Every gig manages to throw up a comedy moment, whether it's with the audience themselves, the venue, or the journey to and from the gig. You may perform similar material at a gig you've done before but the audience and, most importantly of all, their attitude can and will change in a matter of minutes. Call it comedy karma, but you may be backstage confidently watching the comedian before you hold the room in the palm of their hand, yet, by the time you're due to get on they seem to have, collectively, had one pint too many and "Captain Confident" is dealing with an abusive bear pit.
Never assume you know the room and don't be over-confident; a little apprehension and respect helps a performance immensely. Not forgetting some fail-safe put downs stowed in the back pocket.
My weirdest experience to date was during the summer of 1995. Being a comedian from Northern Ireland, I was asked to perform at the West Belfast Festival supporting Jeremy Hardy. With two gigs in as many days under our belts we were booked at a club in Ballymurphy, which is, let us say, one of Belfast's more partisan areas - where most of the windows of the shops have cages and the kerbstones are painted green, white and gold to help the confused, but not the colour-blind.
I arrived at the venue to find that most of the audience were of my parents' age and had my father's air of disapproval.

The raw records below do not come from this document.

theorem proposition2:
  fixes r :: real and I :: "real set"
    and a :: "nat \<Rightarrow> real \<Rightarrow> real"
    and V :: "nat \<Rightarrow> complex \<Rightarrow> real \<Rightarrow> complex"
    and V0 :: "nat \<Rightarrow> real \<Rightarrow> real"
    and V0j :: "nat \<Rightarrow> nat \<Rightarrow> real \<Rightarrow> real"
    and V1j :: "nat \<Rightarrow> nat \<Rightarrow> real \<Rightarrow> real"
  assumes r_pos: "r > 0"
    and I_interval: "is_interval I" "open I" "I \<noteq> {}"
    and a0: "a 0 = (\<lambda>_. r)"
    and a_smooth: "\<And>k. smooth_on I (a k)"
    and V0_smooth: "\<And>k. smooth_on I (V0 k)"
    and V0j_smooth: "\<And>j k. j \<ge> 1 \<Longrightarrow> smooth_on I (V0j j k)"
    and V1j_smooth: "\<And>j k. j \<ge> 1 \<Longrightarrow> smooth_on I (V1j j k)"
    and V0_O: "\<And>x. x \<in> I \<Longrightarrow> V0 0 x = 0"
    and V0j_O: "\<And>j k x. j \<ge> 1 \<Longrightarrow> k < 2 * j \<Longrightarrow> x \<in> I \<Longrightarrow> V0j j k x = 0"
    and V1j_O: "\<And>j k x. j \<ge> 1 \<Longrightarrow> k < 2 * j \<Longrightarrow> x \<in> I \<Longrightarrow> V1j j k x = 0"
    and V_zero: "\<And>lam x. cmod lam > 4 * r \<Longrightarrow> x \<in> I \<Longrightarrow> V 0 lam x = lam / wc r lam"
    and V_repr: "\<And>k lam x. cmod lam > 4 * r \<Longrightarrow> x \<in> I \<Longrightarrow>
        V k lam x = (1 / wc r lam) * ((if k = 0 then lam else 0) + complex_of_real (V0 k x)
          + (\<Sum>j\<in>{1..k}. fj r j lam * complex_of_real (V0j j k x)
                          + gj r j lam * complex_of_real (V1j j k x)))"
    and V_eq: "\<And>lam x. cmod lam > 4 * r \<Longrightarrow> x \<in> I \<Longrightarrow>
        cprod (\<lambda>k. complex_of_real (a k x))
          (cprod (\<lambda>k. V k lam x + sshift (-1) (-1) (\<lambda>k. V k lam) k x)
                 (\<lambda>k. V k lam x + sshift (-1) 1 (\<lambda>k. V k lam) k x))
        = (\<lambda>k. lam * (cprod (\<lambda>k. V k lam x) (\<lambda>k. V k lam x) k - (if k = 0 then 1 else 0)))"
  shows "\<forall>x\<in>I.
      even_series (\<lambda>k. sshift 1 (-1/2) V0 k x + sshift 1 (-1/2) (V0j 1) k x
                        + sshift 1 (-1/2) (V1j 1) k x - 2 * sshift 1 (-1/2) a k x)
    \<and> even_series (\<lambda>k. 4 * r * sshift 1 (-1/2) (V0j 1) k x
          + cprod (\<lambda>k. sshift 1 (-1/2) a k x)
                  (\<lambda>k. sshift 1 (-1/2) V0 k x + sshift (-1) (-3/2) V0 k x) k)
    \<and> (\<forall>j\<ge>1. even_series (\<lambda>k. sshift 1 (-1/2) (V0j (j + 1)) k x
          - cprod (\<lambda>k. sshift 1 (-1/2) a k x)
                  (\<lambda>k. sshift 1 (-1/2) (V0j j) k x + sshift (-1) (-3/2) (V0j j) k x) k))
    \<and> (\<forall>j\<ge>1. even_series (\<lambda>k. 4 * r * sshift 1 (-1/2) (V1j j) k x
          + sshift 1 (-1/2) (V1j (j + 1)) k x
          - cprod (\<lambda>k. sshift 1 (-1/2) a k x)
                  (\<lambda>k. sshift 1 (-1/2) (V1j j) k x + sshift (-1) (-3/2) (V1j j) k x) k))"
proof -
  interpret V_functional_equation r I a V V0 V0j V1j
    by unfold_locales
      (fact r_pos I_interval(2) a_smooth V0_smooth V0j_smooth V1j_smooth V0j_O V1j_O V_zero V_repr V_eq)+
  show ?thesis
    by (rule even_coefficient_series)
qed

end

The latter became apparent when, half way through a routine about Gerry Adams on ecstasy, an old man approached the stage and announced in no uncertain terms what his opinion of me was and offered to give me a good slap and to wash my mouth out with soap.
I mentally searched in my pocket for the aforementioned collection of witty put-downs but they must have been in my other trousers. So, thinking on my feet, I retorted with great aplomb: "Away and empty your colostomy bag you old git." Needless to say, all hell broke loose and I retired to the safety of the bar.

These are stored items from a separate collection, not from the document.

lemma greedy_edge_disjoint_embeddings:
  fixes TV :: "nat \<Rightarrow> 'b set" and TE :: "nat \<Rightarrow> 'b set set" and F :: "'a set set"
  assumes "finite F" "\<And>i. i < l \<Longrightarrow> finite (TE i)"
    and embed: "\<And>i F'. i < l \<Longrightarrow> F' \<subseteq> F \<Longrightarrow> c \<le> real (card F') \<Longrightarrow>
                   \<exists>g. subgraph_embedding g (TV i) (TE i) W F'"
    and budget: "real (\<Sum>i<l. card (TE i)) + c \<le> real (card F)"
  shows "\<exists>f. (\<forall>i<l. subgraph_embedding (f i) (TV i) (TE i) W F) \<and>
             (\<forall>i<l. \<forall>j<l. i \<noteq> j \<longrightarrow> ((`) (f i) ` TE i) \<inter> ((`) (f j) ` TE j) = {})"
  using assms
proof (induction l arbitrary: F)
  case 0
  then show ?case by simp
next
  case (Suc l)
  have "c \<le> real (card F)"
    using Suc.prems(4) of_nat_0_le_iff[of "\<Sum>i<Suc l. card (TE i)"] by linarith
  then obtain g where g: "subgraph_embedding g (TV l) (TE l) W F"
    using Suc.prems(3)[of l F] by blast
  define X where "X = (`) g ` TE l"
  have "X \<subseteq> F" using g by (auto simp: X_def subgraph_embedding_def)
  have "card X \<le> card (TE l)" unfolding X_def using Suc.prems(2) by (simp add: card_image_le)
  then have "real (card F) \<le> real (card (F - X)) + real (card (TE l))"
    using card_Diff_subset[OF finite_subset[OF \<open>X \<subseteq> F\<close> Suc.prems(1)] \<open>X \<subseteq> F\<close>]
      card_mono[OF Suc.prems(1) \<open>X \<subseteq> F\<close>] by linarith
  then have remaining: "real (\<Sum>i<l. card (TE i)) + c \<le> real (card (F - X))"
    using Suc.prems(4) by simp
  have "\<exists>f. (\<forall>i<l. subgraph_embedding (f i) (TV i) (TE i) W (F - X)) \<and>
      (\<forall>i<l. \<forall>j<l. i \<noteq> j \<longrightarrow> ((`) (f i) ` TE i) \<inter> ((`) (f j) ` TE j) = {})"
  proof (rule Suc.IH)
    show "finite (F - X)" using Suc.prems(1) by simp
    show "finite (TE i)" if "i < l" for i using Suc.prems(2) that by simp
    show "\<exists>g. subgraph_embedding g (TV i) (TE i) W F'"
      if "i < l" "F' \<subseteq> F - X" "c \<le> real (card F')" for i F'
      using Suc.prems(3)[OF less_SucI[OF that(1)] order_trans[OF that(2) Diff_subset] that(3)] .
  qed (fact remaining)
  then obtain f where f: "\<forall>i<l. subgraph_embedding (f i) (TV i) (TE i) W (F - X)"
      "\<forall>i<l. \<forall>j<l. i \<noteq> j \<longrightarrow> ((`) (f i) ` TE i) \<inter> ((`) (f j) ` TE j) = {}"
    by blast
  have old_edges: "(`) (f i) ` TE i \<subseteq> F - X" if "i < l" for i
    using f(1) that by (auto simp: subgraph_embedding_def)
  show ?case
  proof (intro exI[of _ "f(l := g)"] conjI allI impI)
    fix i assume "i < Suc l"
    then show "subgraph_embedding ((f(l := g)) i) (TV i) (TE i) W F"
      using g f(1) subgraph_embedding_mono[of "f i" "TV i" "TE i" W "F - X" F] by (cases "i = l") auto
  next
    fix i j assume "i < Suc l" "j < Suc l" "i \<noteq> j"
    then consider "i < l" "j < l" | "i = l" "j < l" | "i < l" "j = l" by linarith
    then show "((`) ((f(l := g)) i) ` TE i) \<inter> ((`) ((f(l := g)) j) ` TE j) = {}"
    proof cases
      case 1
      then show ?thesis using f(2) \<open>i \<noteq> j\<close> by simp
    next
      case 2
      then have "(`) ((f(l := g)) i) ` TE i = X" "(`) ((f(l := g)) j) ` TE j \<subseteq> F - X"
        using old_edges[of j] by (simp_all add: X_def)
      then show ?thesis by blast
    next
      case 3
      then have "(`) ((f(l := g)) j) ` TE j = X" "(`) ((f(l := g)) i) ` TE i \<subseteq> F - X"
        using old_edges[of i] by (simp_all add: X_def)
      then show ?thesis by blast
    qed
  qed
qed

lemma bipartite_simple_graph:
  assumes "bipartite_graph A B E"
  shows "simple_graph (A \<union> B) E"
  unfolding simple_graph_def
proof (intro conjI ballI)
  show "finite (A \<union> B)" using assms by (simp add: bipartite_graph_def)
  fix e assume "e \<in> E"
  then obtain a b where "a \<in> A" "b \<in> B" "e = {a, b}"
    using assms unfolding bipartite_graph_def by blast
  moreover have "a \<noteq> b" using assms \<open>a \<in> A\<close> \<open>b \<in> B\<close> by (auto simp: bipartite_graph_def)
  ultimately show "\<exists>x y. x \<in> A \<union> B \<and> y \<in> A \<union> B \<and> x \<noteq> y \<and> e = {x, y}" by blast
qed

lemma card_bipartite_edges_le:
  assumes "bipartite_graph A B E"
  shows "card E \<le> card A * card B"
proof -
  have "E \<subseteq> (\<lambda>(a, b). {a, b}) ` (A \<times> B)"
  proof
    fix e assume "e \<in> E"
    then obtain a b where "a \<in> A" "b \<in> B" "e = {a, b}"
      using assms unfolding bipartite_graph_def by blast
    then show "e \<in> (\<lambda>(a, b). {a, b}) ` (A \<times> B)" by force
  qed
  then have "card E \<le> card ((\<lambda>(a, b). {a, b}) ` (A \<times> B))"
    using assms unfolding bipartite_graph_def by (intro card_mono) auto
  also have "\<dots> \<le> card (A \<times> B)" using assms unfolding bipartite_graph_def by (intro card_image_le) auto
  finally show ?thesis by (simp add: card_cartesian_product)
qed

Standing at the bar, as if this gig couldn't get any more bizarre, were the "Birmingham Six". They were there to say thanks to Hardy for his support in highlighting their miscarriage of justice. One of them turned to me as I sheepishly ordered a pint and said: "Don't worry, I'll get that. It's not the end of the world, Big Lad. We were laughing." So while Jeremy was on stage performing, I was at the bar necking pints of the black stuff with the source of his material.

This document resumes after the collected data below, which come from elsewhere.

lemma abs_integral_le_weighted_Cauchy_Schwarz:
  fixes f g :: "real \<Rightarrow> real"
  assumes f: "f integrable_on S"
    and gf: "(\<lambda>x. (g x * f x)\<^sup>2) integrable_on S" and g: "(\<lambda>x. 1 / (g x)\<^sup>2) integrable_on S"
    and nonzero: "\<And>x. x \<in> S \<Longrightarrow> g x \<noteq> 0"
  shows "\<bar>integral S f\<bar> \<le> sqrt (integral S (\<lambda>x. (g x * f x)\<^sup>2) * integral S (\<lambda>x. 1 / (g x)\<^sup>2))"
proof (rule le_sqrt_mult_if_le_mean)
  show "0 \<le> integral S (\<lambda>x. (g x * f x)\<^sup>2)" "0 \<le> integral S (\<lambda>x. 1 / (g x)\<^sup>2)"
    by (simp_all add: integral_nonneg gf g)
  fix l :: real
  assume l: "0 < l"
  let ?mean = "\<lambda>x. (l * (g x * f x)\<^sup>2 + 1 / (g x)\<^sup>2 / l) / 2"
  have mean: "(?mean has_integral
      (l * integral S (\<lambda>x. (g x * f x)\<^sup>2) + integral S (\<lambda>x. 1 / (g x)\<^sup>2) / l) / 2) S"
    by (intro has_integral_divide has_integral_add has_integral_mult_right integrable_integral gf g)
  have "\<bar>f x\<bar> \<le> ?mean x" if "x \<in> S" for x
  proof -
    have "?mean x = (l * (g x)\<^sup>2 * (f x)\<^sup>2 + 1 / (l * (g x)\<^sup>2)) / 2"
      by (simp add: power_mult_distrib mult.assoc)
    then show ?thesis
      using abs_le_mean_of_square_and_inverse[of "l * (g x)\<^sup>2" "f x"] l nonzero[OF that] by simp
  qed
  then have "\<bar>integral S f\<bar> \<le> integral S ?mean"
    using integral_norm_bound_integral[OF f has_integral_integrable[OF mean]] by simp
  also have "\<dots> = (l * integral S (\<lambda>x. (g x * f x)\<^sup>2) + integral S (\<lambda>x. 1 / (g x)\<^sup>2) / l) / 2"
    using mean by (rule integral_unique)
  finally show "\<bar>integral S f\<bar> \<le> \<dots>" .
qed

lemma abs_integral_le_Cauchy_Schwarz:
  fixes f :: "real \<Rightarrow> real"
  assumes "a \<le> b" "f integrable_on {a..b}" "(\<lambda>x. (f x)\<^sup>2) integrable_on {a..b}"
  shows "\<bar>integral {a..b} f\<bar> \<le> sqrt (integral {a..b} (\<lambda>x. (f x)\<^sup>2) * (b - a))"
  using abs_integral_le_weighted_Cauchy_Schwarz[of f "{a..b}" "\<lambda>_. 1"] assms by auto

Everything was going great guns. There I was at the bar, pint of Guinness in one hand, fag in the other, regaling the Birmingham Six with tales of my life as a comedian, when up stepped my pissed-off pensioner, and what turned out to be his wife. "There's that idiot who says Gerry Adams takes those drugs," he said, whereupon him and his wife, started swinging punches at me.
If it hadn't been for the Birmingham Six restraining him, I would have been beaten to death by Belfast's oldest tag-team. I remember thinking to myself at the time, "I've done the worst gig in my lifetime, two pensioners are trying to beat me up and the Birmingham Six are holding them back. Jesus, there has to be a joke in here somewhere!"
As you can see, comedy does have its moments.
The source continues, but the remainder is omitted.